My money don’t jiggle jiggle, it folds 💯💰 #louistheroux #ameliadimoldenberg #chickenshopdate #autotune #remix #fyp

Louis Theroux is never far away from the public’s attention, but it took a Chicken Shop Date with Amelia Dimoldenberg to make him the most shared viral rapper of the year.

The much-loved journalist and filmmaker was recalling the rapping he did in an old episode his Weird Weekends show when he dropped the lines “My money don't jiggle, jiggle, it folds. I like to see you wiggle, wiggle, for sure…”

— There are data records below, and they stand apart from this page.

lemma restr_domain_add:
  assumes "(t, x) \<in> restr_domain \<Gamma> \<phi> U" and "(s, \<phi> t x) \<in> restr_domain \<Gamma> \<phi> U"
  shows "(t + s, x) \<in> restr_domain \<Gamma> \<phi> U"
proof -
  have t: "t \<in> fibre \<Gamma> x" and J: "J t \<subseteq> fibre \<Gamma> x" "(\<lambda>\<sigma>. \<phi> \<sigma> x) ` J t \<subseteq> U" and "x \<in> U"
    using assms(1) self_in_J by (auto simp: mem_restr_domain)
  have K: "J s \<subseteq> fibre \<Gamma> (\<phi> t x)" "(\<lambda>\<sigma>. \<phi> \<sigma> (\<phi> t x)) ` J s \<subseteq> U"
    using assms(2) by (auto simp: mem_restr_domain)
  have "\<sigma> \<in> fibre \<Gamma> x \<and> \<phi> \<sigma> x \<in> U" if "\<sigma> \<in> J (t + s)" for \<sigma>
  proof (cases "\<sigma> \<in> J t")
    case False
    then have "\<sigma> - t \<in> J s"
      using J_add[OF that] by blast
    then have "\<sigma> - t \<in> fibre \<Gamma> (\<phi> t x)" "\<phi> (\<sigma> - t) (\<phi> t x) \<in> U"
      using K by auto
    then show ?thesis
      using flow_add[OF t, of "\<sigma> - t"] fibre_flow_iff[OF t, of "\<sigma> - t"] by simp
  qed (use J in auto)
  with \<open>x \<in> U\<close> show ?thesis
    by (auto simp: mem_restr_domain)
qed

abbreviation env_rel :: "'a set \<Rightarrow> real \<times> 'a \<Rightarrow> real \<times> 'a \<Rightarrow> bool" where
  "env_rel U \<equiv> env_gen (restr_domain \<Gamma> \<phi> U) \<phi> U"

lemma env_rel_in_domain: "env_rel U p q \<Longrightarrow> snd p \<in> U \<and> snd q \<in> U"
  unfolding env_gen_def by blast

lemma env_rel_refl: "snd p \<in> U \<Longrightarrow> env_rel U p p"
  by (simp add: env_gen_restr_domain_iff restr_domain_zero)

lemma env_rel_sym:
  assumes "env_rel U p q"
  shows "env_rel U q p"
proof -
  have pq: "(fst p - fst q, snd p) \<in> restr_domain \<Gamma> \<phi> U" "snd q = \<phi> (fst p - fst q) (snd p)"
    using assms by (simp_all add: env_gen_restr_domain_iff)
  then have "fst p - fst q \<in> fibre \<Gamma> (snd p)"
    using self_in_J by (auto simp: mem_restr_domain)
  then have "snd p = \<phi> (fst q - fst p) (snd q)"
    using flow_inverse pq(2) by (metis minus_diff_eq)
  moreover have "(fst q - fst p, snd q) \<in> restr_domain \<Gamma> \<phi> U"
    using restr_domain_inverse[OF pq(1)] pq(2) by simp
  ultimately show ?thesis
    by (simp add: env_gen_restr_domain_iff)
qed

lemma env_rel_trans:
  assumes "env_rel U p q" and "env_rel U q w"
  shows "env_rel U p w"
proof -
  have pq: "(fst p - fst q, snd p) \<in> restr_domain \<Gamma> \<phi> U" "snd q = \<phi> (fst p - fst q) (snd p)"
    and qw: "(fst q - fst w, snd q) \<in> restr_domain \<Gamma> \<phi> U" "snd w = \<phi> (fst q - fst w) (snd q)"
    using assms by (auto simp: env_gen_restr_domain_iff)
  have "(fst p - fst w, snd p) \<in> restr_domain \<Gamma> \<phi> U"
    using restr_domain_add[OF pq(1)] qw(1) pq(2) by fastforce
  moreover have "snd w = \<phi> (fst p - fst w) (snd p)"
  proof -
    have t: "fst p - fst q \<in> fibre \<Gamma> (snd p)"
      using pq(1) self_in_J by (auto simp: mem_restr_domain)
    moreover have "fst q - fst w \<in> fibre \<Gamma> (\<phi> (fst p - fst q) (snd p))"
      using qw(1) pq(2) self_in_J by (auto simp: mem_restr_domain)
    ultimately have "\<phi> (fst q - fst w) (\<phi> (fst p - fst q) (snd p)) =
        \<phi> (fst q - fst w + (fst p - fst q)) (snd p)"
      using flow_add fibre_flow_iff[OF t] by blast
    then have "\<phi> (fst q - fst w) (\<phi> (fst p - fst q) (snd p)) = \<phi> (fst p - fst w) (snd p)"
      by simp
    then show ?thesis
      using qw(2) pq(2) by simp
  qed
  ultimately show ?thesis
    by (simp add: env_gen_restr_domain_iff)
qed

lemma equivclp_env_rel:
  assumes "snd p \<in> U"
  shows "equivclp (env_rel U) p q \<longleftrightarrow> env_rel U p q"
proof
  assume "equivclp (env_rel U) p q"
  then show "env_rel U p q"
  proof (induction rule: equivclp_induct)
    case base
    show ?case using assms by (rule env_rel_refl)
  next
    case (step y z)
    then show ?case using env_rel_sym env_rel_trans by metis
  qed
qed (rule r_into_equivclp)

lemma open_restr_domain_slice:
  assumes "open U"
  shows "open {y \<in> U. (u, y) \<in> restr_domain \<Gamma> \<phi> U}"
proof (subst open_subopen, intro ballI)
  fix y0 assume y0: "y0 \<in> {y \<in> U. (u, y) \<in> restr_domain \<Gamma> \<phi> U}"
  define W where "W = \<Gamma> \<inter> (\<lambda>(t, x). \<phi> t x) -` U"
  have "open W"
    using continuous_on_open_vimage[OF open_flow_domain] continuous_on_flow assms
    unfolding W_def by (metis Int_commute)
  moreover have "J u \<times> {y0} \<subseteq> W"
    using y0 by (auto simp: W_def mem_restr_domain fibre_def)
  ultimately obtain V where "open V" "y0 \<in> V" "J u \<times> V \<subseteq> W"
    using tube_lemma_left[of "euclidean :: real topology" "euclidean :: 'a topology" W "J u" y0]
      compact_J by force
  moreover have "V \<inter> U \<subseteq> {y \<in> U. (u, y) \<in> restr_domain \<Gamma> \<phi> U}"
    using \<open>J u \<times> V \<subseteq> W\<close> by (auto simp: W_def mem_restr_domain fibre_def)
  ultimately show "\<exists>T. open T \<and> y0 \<in> T \<and> T \<subseteq> {y \<in> U. (u, y) \<in> restr_domain \<Gamma> \<phi> U}"
    using assms y0 by (intro exI[of _ "V \<inter> U"]) auto
qed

From there, the internet was hooked, and pretty much every TikTok video for the next months had the same soundtrack.


Wordle


It’s hard to believe, but Wordle blowing up and becoming a massive thing actually happened this year. It feels like it’s been around for years, but it became a phenomenon in January, and back then it was basically the only thing people talked about online. Innocent times indeed.


“She’s a 10, but...”

Another trend we can’t believe only happened a few months ago. “She’s a 10” began on TikTok and involved users proposing scenarios where their partner is perfect in every way apart from one specific personality trait that can significantly decrease their attractiveness.

Hilarity ensued, for a short while.


Doors vs. wheels

It was the question that dominated discourse for a good week or two, and it’s one that still divides opinion even now.

But just what is there more of in the world? Doors or wheels?

Just like Laurel vs Yanny and blue and black vs white and gold dress debate before it, it split opinion and gave us some classic viral content back in March.